The stock trades at 10.0 times expected 2022 EPS, 8.9 times estimated 2023 earnings of $12.74 and 8.2 times estimated 2024 earnings of $13.79. The stock’s 52-week range is $109.60 to $172.96. JPMorgan pays an annual dividend of $3.90 (yield of 3.54%). Total shareholder return for the past 12 months was negative 25.5%.
Morgan Stanley (NYSE: MS) has seen its share price drop by about 13.5% over the past 12 months. From the 52-week high set in February, the stock is down nearly 29%. Rising interest rates only help lenders if someone wants to borrow. Worse for Morgan Stanley, though, would be a further drop in its investment banking business. The first-quarter slowdown in mergers and acquisitions shaved nearly 40% from the bank’s institutional securities business. The second quarter is unlikely to show a marked improvement.
Sentiment remains bullish on the stock, with 21 of 29 brokerages assigning a Buy or Strong Buy rating. The rest rate the stock at Hold. At a share price of around $75.80, the upside potential based on a median price target of $97.00 is nearly 30%. At the high target of $123.00, the upside potential is 62.3%.

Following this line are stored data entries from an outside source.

text \<open>The partition {0..<l} = I_0 \<union> ... \<union> I_m into
  (nonempty, pairwise disjoint) parts is given by a surjection f from {0..<l} onto {0..m},
  with I_t = {j. j < l \<and> f j = t}.\<close>

definition gen_columns_condition :: "nat \<Rightarrow> nat \<Rightarrow> (nat \<Rightarrow> nat \<Rightarrow> 'a::comm_ring_1) \<Rightarrow> bool" where
  "gen_columns_condition k l A \<longleftrightarrow>
     (\<exists>(m::nat) (f::nat \<Rightarrow> nat) (d::nat \<Rightarrow> 'a).
        f ` {..<l} = {..m} \<and>
        (\<forall>t\<le>m. d t \<noteq> 0) \<and>
        (\<forall>i<k. d 0 * (\<Sum>j\<in>{j. j < l \<and> f j = 0}. A i j) = 0) \<and>
        (\<forall>t\<in>{1..m}. \<exists>y::nat \<Rightarrow> 'a.
            \<forall>i<k. d t * (\<Sum>j\<in>{j. j < l \<and> f j = t}. A i j)
                   = (\<Sum>j\<in>{j. j < l \<and> f j < t}. y j * A i j)) \<and>
        (m > 0 \<longrightarrow> (\<forall>e::nat. infinite (range (\<lambda>r::'a. d 0 * (\<Prod>t\<in>{1..m}. d t) ^ e * r)))))"

end

(* The matrix is [[1, -1, -g], [0, 0, p]], where g is a primitive root modulo p, so that p divides
   g^m + 1 for m = (p - 1) / 2 while g, g - 1 and g + 1 are prime to p.

   Partition regularity: u = n p is a nonzero element of Z/np^2 killed by p and by g^m + 1, so
   w_j = g^j u satisfies w_(j+1) = g w_j and w_(j+m) = -w_j. Writing w_0, w_1, ... in increasing
   order at the coordinates indexed by the 2m-sets {0..m} union (2m, 3m), {0} union (m, 3m) and [1, 2m] of
   a copy of N inside I gives vectors x, y, z with x - y = g z and p z = 0. Ramsey's theorem for
   2m-sets, applied to the colouring that this construction induces on finite subsets of N,
   yields a copy of N on which the three vectors get the same colour.

   The generalised columns condition fails: if the third column lay in I_0, then d_0 would be
   killed by p and by one of g, g - 1, g + 1; otherwise I_0 = {1, 2} and I_1 = {3}, and d_1 p lies
   in the span of the first two columns, whose second entries vanish. In R the annihilator of p
   squares to zero, hence d_0 d_1^2 R = 0. *)

theory Submission
  imports Defs "HOL-Number_Theory.Residue_Primitive_Roots" "HOL-Library.Ramsey"
begin

lemma prime_exists_root_of_minus_one:
  fixes p :: nat
  assumes p: "prime p" "p \<ge> 5"
  obtains g :: int and m :: nat where "m \<ge> 1" "int p dvd g ^ m + 1"
    "coprime g (int p)" "coprime (g - 1) (int p)" "coprime (g + 1) (int p)"
proof -
  obtain g :: nat where "residue_primroot p g"
    using prime_primitive_root_exists[of p] p prime_gt_1_nat by blast
  hence cop: "coprime p g" and ord: "ord p g = p - 1"
    using p(1) by (auto simp: residue_primroot_def totient_prime)
  have root_of_one: "int p dvd int g ^ k - 1 \<longleftrightarrow> p - 1 dvd k" for k
    using ord_divides[of g k p] ord
    by (metis cong_iff_dvd_diff cong_int_iff of_nat_1 of_nat_power)
  define m where "m = (p - 1) div 2"
  have m: "p - 1 = 2 * m" "m \<ge> 1"
    using p prime_odd_nat[of p] by (auto simp: m_def)
  have "int p dvd (int g ^ m - 1) * (int g ^ m + 1)"
  proof -
    have "int g ^ (2 * m) - 1 = (int g ^ m - 1) * (int g ^ m + 1)"
      by (simp add: power_mult power2_eq_square algebra_simps)
    thus ?thesis
      using root_of_one[of "2 * m"] m by simp
  qed
  moreover have "\<not> int p dvd int g ^ m - 1"
    using root_of_one[of m] m by (auto dest: dvd_imp_le)
  ultimately have "int p dvd int g ^ m + 1"
    using p(1) by (simp add: prime_dvd_mult_iff)
  moreover have "coprime c (int p)" if "\<not> int p dvd c" for c
    using prime_imp_coprime[of "int p" c] p(1) that by (simp add: coprime_commute)
  moreover have "\<not> int p dvd int g"
    using coprime_common_divisor[OF cop dvd_refl] p(1) by (auto simp: not_prime_unit)
  moreover have "\<not> int p dvd int g - 1"
    using root_of_one[of 1] p(2) by simp
  moreover have "\<not> int p dvd int g + 1"
  proof
    assume "int p dvd int g + 1"
    hence "int p dvd int g ^ 2 - 1"
      by (simp add: power2_eq_square square_diff_one_factored)
    thus False
      using root_of_one[of 2] p(2) by (auto dest: dvd_imp_le)
  qed
  ultimately show thesis
    using that m(2) by blast
qed

lemma of_int_fun_apply [simp]: "(of_int k :: 'a \<Rightarrow> 'b::ring_1) x = of_int k"
  by (cases k rule: int_cases) (simp_all add: fun_Compl_def)

definition example_matrix :: "int \<Rightarrow> int \<Rightarrow> nat \<Rightarrow> nat \<Rightarrow> 'a::comm_ring_1" where
  "example_matrix c q i j = of_int (if i = 0 then [1, -1, c] ! j else [0, 0, q] ! j)"

lemma example_matrix_simps [simp]:
  "example_matrix c q 0 0 = 1" "example_matrix c q 0 1 = -1" "example_matrix c q 0 2 = of_int c"
  "example_matrix c q 1 0 = 0" "example_matrix c q 1 1 = 0" "example_matrix c q 1 2 = of_int q"
  by (simp_all add: example_matrix_def)

lemma sum_lessThan_3:
  fixes F :: "nat \<Rightarrow> 'a::comm_monoid_add"
  shows "(\<Sum>j<3. F j) = F 0 + F 1 + F 2"
  by (simp add: eval_nat_numeral add.assoc)

lemma sum_lessThan_3_filter:
  fixes F :: "nat \<Rightarrow> 'a::comm_monoid_add"
  shows "(\<Sum>j\<in>{j. j < 3 \<and> P j}. F j) =
     (if P 0 then F 0 else 0) + (if P 1 then F 1 else 0) + (if P 2 then F 2 else 0)"
proof -
  have "(\<Sum>j\<in>{j. j < 3 \<and> P j}. F j) = (\<Sum>j<3. if P j then F j else 0)"
    by (simp add: sum.inter_filter[symmetric] Collect_conj_eq lessThan_def Int_commute)
  then show ?thesis
    by (simp add: sum_lessThan_3)
qed

lemma annihilator_coprime_eq_0:
  fixes d :: "'a::comm_ring_1"
  assumes "d * of_int u = 0" "d * of_int q = 0" "coprime u q"
  shows "d = 0"
proof -
  obtain a b where "a * u + b * q = 1"
    using bezout_int[of u q] assms(3) by (auto simp: coprime_iff_gcd_eq_1)
  then have "d = d * of_int (a * u + b * q)"
    by simp
  also have "\<dots> = of_int a * (d * of_int u) + of_int b * (d * of_int q)"
    by (simp add: algebra_simps)
  finally show ?thesis
    using assms by simp
qed

lemma example_matrix_annihilated_column_sum:
  fixes g q :: int and d :: "'a::comm_ring_1"
  assumes coprime: "coprime g q" "coprime (g - 1) q" "coprime (g + 1) q"
    and "d \<noteq> 0" and "\<exists>j<3. P j"
    and annihilated: "\<forall>i<2. d * (\<Sum>j\<in>{j. j < 3 \<and> P j}. example_matrix (- g) q i j) = 0"
  shows "P 0" "P 1" "\<not> P 2"
proof -
  have row0: "d * ((if P 0 then 1 else 0) + (if P 1 then -1 else 0)
      + (if P 2 then of_int (- g) else 0)) = 0"
    using annihilated[rule_format, of 0] by (simp only: sum_lessThan_3_filter example_matrix_simps)
  have row1: "d * (if P 2 then of_int q else 0) = 0"
    using annihilated[rule_format, of 1]
    by (simp only: sum_lessThan_3_filter example_matrix_simps if_cancel add_0_left)
  show "\<not> P 2"
  proof
    assume "P 2"
    then have "d * of_int q = 0"
      using row1 by simp
    moreover have "d * of_int (- g) = 0 \<or> d * of_int (- (g - 1)) = 0 \<or> d * of_int (- (g + 1)) = 0"
      using row0 \<open>P 2\<close> by (cases "P 0"; cases "P 1") (simp_all add: algebra_simps)
    moreover have "d * of_int (- u) = 0 \<longleftrightarrow> d * of_int u = 0" for u
      by simp
    ultimately show False
      using annihilator_coprime_eq_0 coprime \<open>d \<noteq> 0\<close> by blast
  qed
  moreover have "P 0 \<or> P 1 \<or> P 2"
    using \<open>\<exists>j<3. P j\<close> by (auto simp: eval_nat_numeral less_Suc_eq)
  moreover have "P 0 \<longleftrightarrow> P 1"
    using row0 \<open>d \<noteq> 0\<close> \<open>\<not> P 2\<close> by (cases "P 0"; cases "P 1") simp_all
  ultimately show "P 0" "P 1"
    by auto
qed
(* Let $N\ge1$ and $\eta\in[0,1]$. For bit strings $l_y\in\{0,1\}^N$ with $l_y^1=0$, $y=1,\dots,2^{N-1}$, consider the quantum functional $$(\mathcal B_N)_Q=\eta\sum_{y=1}^{2^{N-1}}\Big|\sum_{x=1}^N(-1)^{l_y^x}\,\mathrm{Tr}\big[\rho_{AB}\,(A_x\otimes B_y)\big]\Big|,$$ where $\rho_{AB}$ is a density operator on $\mathcal H_A\otimes\mathcal H_B$ (finite-dimensional Hilbert spaces of arbitrary dimension) and $A_x$, $B_y$ are self-adjoint operators with $A_x^2=\mathbb I$, $B_y^2=\mathbb I$. Then the supremum of $(\mathcal B_N)_Q$ over all such states and observables equals $\eta\,2^{N-1}\sqrt N$, and this value is attained when $A_1,\dots,A_N$ pairwise anticommute, i.e. $A_xA_{x'}+A_{x'}A_x=2\delta_{x,x'}\mathbb I$.
   Context: Alice's unsharp measurements are the POVMs $\{E_{\pm|x}=\tfrac12(\mathbb I\pm\eta A_x)\}$, so that the effective observable is $\eta A_x$; $\eta$ is the unsharpness parameter. *)

theory Defs
  imports Complex_Main "Jordan_Normal_Form.Matrix"
begin

definition mtrace :: "complex mat \<Rightarrow> complex" where
  "mtrace M = (\<Sum>i<dim_row M. M $$ (i, i))"

definition kron :: "complex mat \<Rightarrow> complex mat \<Rightarrow> complex mat" where
  "kron M K = mat (dim_row M * dim_row K) (dim_col M * dim_col K)
     (\<lambda>(i, j). M $$ (i div dim_row K, j div dim_col K) * K $$ (i mod dim_row K, j mod dim_col K))"

definition hermitian_mat :: "nat \<Rightarrow> complex mat \<Rightarrow> bool" where
  "hermitian_mat d M \<longleftrightarrow> M \<in> carrier_mat d d \<and>
     (\<forall>i<d. \<forall>j<d. M $$ (i, j) = cnj (M $$ (j, i)))"

definition psd_mat :: "nat \<Rightarrow> complex mat \<Rightarrow> bool" where
  "psd_mat d M \<longleftrightarrow> hermitian_mat d M \<and>
     (\<forall>v \<in> carrier_vec d. 0 \<le> Re (\<Sum>i<d. \<Sum>j<d. cnj (v $ i) * M $$ (i, j) * v $ j))"

definition density_mat :: "nat \<Rightarrow> complex mat \<Rightarrow> bool" where
  "density_mat d \<rho> \<longleftrightarrow> psd_mat d \<rho> \<and> mtrace \<rho> = 1"

definition observable :: "nat \<Rightarrow> complex mat \<Rightarrow> bool" where
  "observable d M \<longleftrightarrow> hermitian_mat d M \<and> M * M = 1\<^sub>m d"

(* Alice's settings x = 1..N are indexed by x \<in> {0..<N}.  Bob's settings y are
   indexed by the bit strings l_y themselves: a string l \<in> {0,1}^N with l^1 = 0
   is represented by the set S \<subseteq> {1..<N} of positions carrying bit 1. *)
definition bob_strings :: "nat \<Rightarrow> nat set set" where
  "bob_strings N = Pow {1..<N}"

definition valid_setup :: "nat \<Rightarrow> nat \<Rightarrow> nat \<Rightarrow> complex mat \<Rightarrow> (nat \<Rightarrow> complex mat)
     \<Rightarrow> (nat set \<Rightarrow> complex mat) \<Rightarrow> bool" where
  "valid_setup N dA dB \<rho> A B \<longleftrightarrow>
     density_mat (dA * dB) \<rho> \<and> (\<forall>x<N. observable dA (A x)) \<and>
     (\<forall>S \<in> bob_strings N. observable dB (B S))"

definition BN_Q :: "nat \<Rightarrow> real \<Rightarrow> complex mat \<Rightarrow> (nat \<Rightarrow> complex mat)
     \<Rightarrow> (nat set \<Rightarrow> complex mat) \<Rightarrow> real" where
  "BN_Q N \<eta> \<rho> A B = \<eta> * (\<Sum>S \<in> bob_strings N.
      cmod (\<Sum>x<N. (if x \<in> S then -1 else 1) * mtrace (\<rho> * kron (A x) (B S))))"

end

theory Submission
  imports Defs
begin

text \<open>
  For a bit string \<open>S\<close> put \<open>X\<^sub>S = \<Sum>\<^sub>x (-1)\<^bsup>S\<^sub>x\<^esup> A\<^sub>x\<close>; the \<open>S\<close>-th correlation is \<open>tr(\<rho> (X\<^sub>S \<otimes> B\<^sub>S))\<close>.
  Since \<open>X\<^sub>S \<otimes> 1\<close> and \<open>1 \<otimes> B\<^sub>S\<close> commute and \<open>B\<^sub>S\<^sup>2 = 1\<close>, expanding
  \<open>0 \<le> tr(\<rho> (X\<^sub>S \<otimes> 1 \<plusminus> \<surd>N (1 \<otimes> B\<^sub>S))\<^sup>2)\<close> gives
  \<open>2 \<surd>N |tr(\<rho> (X\<^sub>S \<otimes> B\<^sub>S))| \<le> tr(\<rho> (X\<^sub>S\<^sup>2 \<otimes> 1)) + N\<close>.  Summing over \<open>S\<close>, the orthogonality of the
  sign characters \<open>S \<mapsto> (-1)\<^bsup>S\<^sub>x\<^esup>\<close> and \<open>A\<^sub>x\<^sup>2 = 1\<close> give \<open>\<Sum>\<^sub>S X\<^sub>S\<^sup>2 = 2\<^bsup>N-1\<^esup> N\<close>, hence the bound
  \<open>2\<^bsup>N-1\<^esup> \<surd>N\<close>.  It is attained with \<open>N\<close> anticommuting real symmetric Jordan--Wigner matrices
  \<open>A\<^sub>x\<close> (so that \<open>X\<^sub>S\<^sup>2 = N\<close>), \<open>B\<^sub>S = X\<^sub>S / \<surd>N\<close> and the maximally entangled state, for which
  \<open>tr(\<rho> (X \<otimes> Y)) = tr(X\<^sup>T Y) / d\<close>.
\<close>

section \<open>Kronecker products\<close>

lemma div_mod_less_of_less_mult:
  assumes "(i::nat) < n * m"
  shows "i div m < n" and "i mod m < m"
proof -
  from assms have "m > 0" by (cases m) auto
  with assms show "i div m < n" "i mod m < m" by (simp_all add: less_mult_imp_div_less)
qed

lemma sum_lessThan_mult_div_mod:
  fixes f :: "nat \<Rightarrow> nat \<Rightarrow> 'a::comm_monoid_add"
  shows "(\<Sum>k<n * m. f (k div m) (k mod m)) = (\<Sum>a<n. \<Sum>b<m. f a b)"
proof -
  have "(\<Sum>k\<in>{a * m..<a * m + m}. f (k div m) (k mod m)) = (\<Sum>b<m. f a b)" for a
    using sum.shift_bounds_nat_ivl[of "\<lambda>k. f (k div m) (k mod m)" 0 "a * m" m]
    by (simp add: atLeast0LessThan add.commute)
  then show ?thesis
    using sum.nat_group[of "\<lambda>k. f (k div m) (k mod m)" m n] by (simp add: mult.commute)
qed

lemma dim_kron [simp]:
  "dim_row (kron M K) = dim_row M * dim_row K"
  "dim_col (kron M K) = dim_col M * dim_col K"
  by (simp_all add: kron_def)

lemma index_kron [simp]:
  "i < dim_row M * dim_row K \<Longrightarrow> j < dim_col M * dim_col K \<Longrightarrow>
   kron M K $$ (i, j) = M $$ (i div dim_row K, j div dim_col K) * K $$ (i mod dim_row K, j mod dim_col K)"
  by (simp add: kron_def)

lemma kron_carrier_mat:
  "M \<in> carrier_mat n n \<Longrightarrow> K \<in> carrier_mat m m \<Longrightarrow> kron M K \<in> carrier_mat (n * m) (n * m)"
  by (rule carrier_matI) (auto dest: carrier_matD)

lemma kron_mult:
  assumes AC: "dim_col A = dim_row C" and BD: "dim_col B = dim_row D"
  shows "kron A B * kron C D = kron (A * C) (B * D)"
proof (rule eq_matI)
  let ?r = "dim_row B" and ?n = "dim_col A" and ?m = "dim_col B" and ?c = "dim_col D"
  fix i j assume "i < dim_row (kron (A * C) (B * D))" "j < dim_col (kron (A * C) (B * D))"
  then have i: "i < dim_row A * ?r" and j: "j < dim_col C * ?c" by auto
  have "(kron A B * kron C D) $$ (i, j) = (\<Sum>k<?n * ?m. kron A B $$ (i, k) * kron C D $$ (k, j))"
    using AC BD i j by (simp add: scalar_prod_def atLeast0LessThan)
  also have "\<dots> = (\<Sum>k<?n * ?m. (A $$ (i div ?r, k div ?m) * B $$ (i mod ?r, k mod ?m)) *
                                (C $$ (k div ?m, j div ?c) * D $$ (k mod ?m, j mod ?c)))"
    using AC BD i j by (intro sum.cong) auto
  also have "\<dots> = (\<Sum>a<?n. \<Sum>b<?m. (A $$ (i div ?r, a) * B $$ (i mod ?r, b)) *
                                  (C $$ (a, j div ?c) * D $$ (b, j mod ?c)))"
    by (rule sum_lessThan_mult_div_mod)
  also have "\<dots> = (\<Sum>a<?n. A $$ (i div ?r, a) * C $$ (a, j div ?c)) *
                  (\<Sum>b<?m. B $$ (i mod ?r, b) * D $$ (b, j mod ?c))"
    unfolding sum_product by (intro sum.cong refl) (simp add: mult_ac)
  also have "\<dots> = kron (A * C) (B * D) $$ (i, j)"
    using AC BD i j div_mod_less_of_less_mult[OF i] div_mod_less_of_less_mult[OF j]
    by (simp add: scalar_prod_def atLeast0LessThan)
  finally show "(kron A B * kron C D) $$ (i, j) = kron (A * C) (B * D) $$ (i, j)" .
qed auto

lemma kron_one: "kron (1\<^sub>m n) (1\<^sub>m m) = 1\<^sub>m (n * m)"
proof (rule eq_matI)
  fix i j assume "i < dim_row (1\<^sub>m (n * m) :: complex mat)" "j < dim_col (1\<^sub>m (n * m) :: complex mat)"
  then have i: "i < n * m" and j: "j < n * m" by auto
  have "(i div m = j div m \<and> i mod m = j mod m) = (i = j)"
    by (metis div_mult_mod_eq)
  then show "kron (1\<^sub>m n) (1\<^sub>m m) $$ (i, j) = 1\<^sub>m (n * m) $$ (i, j)"
    using i j div_mod_less_of_less_mult[OF i] div_mod_less_of_less_mult[OF j] by auto
qed auto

The consensus estimate for second-quarter revenue is $13.53 billion, down about 8.6% sequentially and about 12% lower year over year. Adjusted EPS are forecast at $1.61, down nearly 22% sequentially and 14.8% year over year. For the full 2022 fiscal year, analysts are looking for revenue of $56 billion, down 6.3%, and EPS of $7.25, down by 11.8%.
Morgan Stanley stock trades at 10.5 times expected 2022 EPS, 9.4 times estimated 2023 earnings of $8.02 and 8.5 times estimated 2024 earnings of $8.93. The stock’s 52-week range is $72.23 to $109.73, and the bank pays an annual dividend of $2.80 (yield of 3.69%). Total shareholder return over the past year was negative 13.5%.
Last week, Taiwan Semiconductor Manufacturing Co. Ltd. (NYSE: TSM) reported that June sales dropped by 5.3% month over month but rose 18.5% year over year. Sales for the first six months of the year are up nearly 40%, compared with sales during the same period in 2021. Second-quarter sales topped NT$500 billion ($16.8 billion) for the first time in the company’s history. The weaker local currency and strong U.S. dollar are at least partially responsible for the record quarter.
Of 11 analysts covering the stock, nine have a Buy or Strong Buy rating and one has a Hold rating. At a share price of around $79.10, the implied upside based on a median price target of $157.90 is 99.6%. At the high price target of $150.00, the upside potential is 127.6%.
The stock trades at 2.6 times expected 2022 EPS, 2.6 times estimated 2023 earnings of $6.06 and 2.1 times estimated 2024 earnings of $7.49. The stock’s 52-week range is $73.74 to $145.00, and the company pays an annual dividend of $1.95 (yield of 2.39%). Total shareholder return for the past 12 months is negative 33.4%.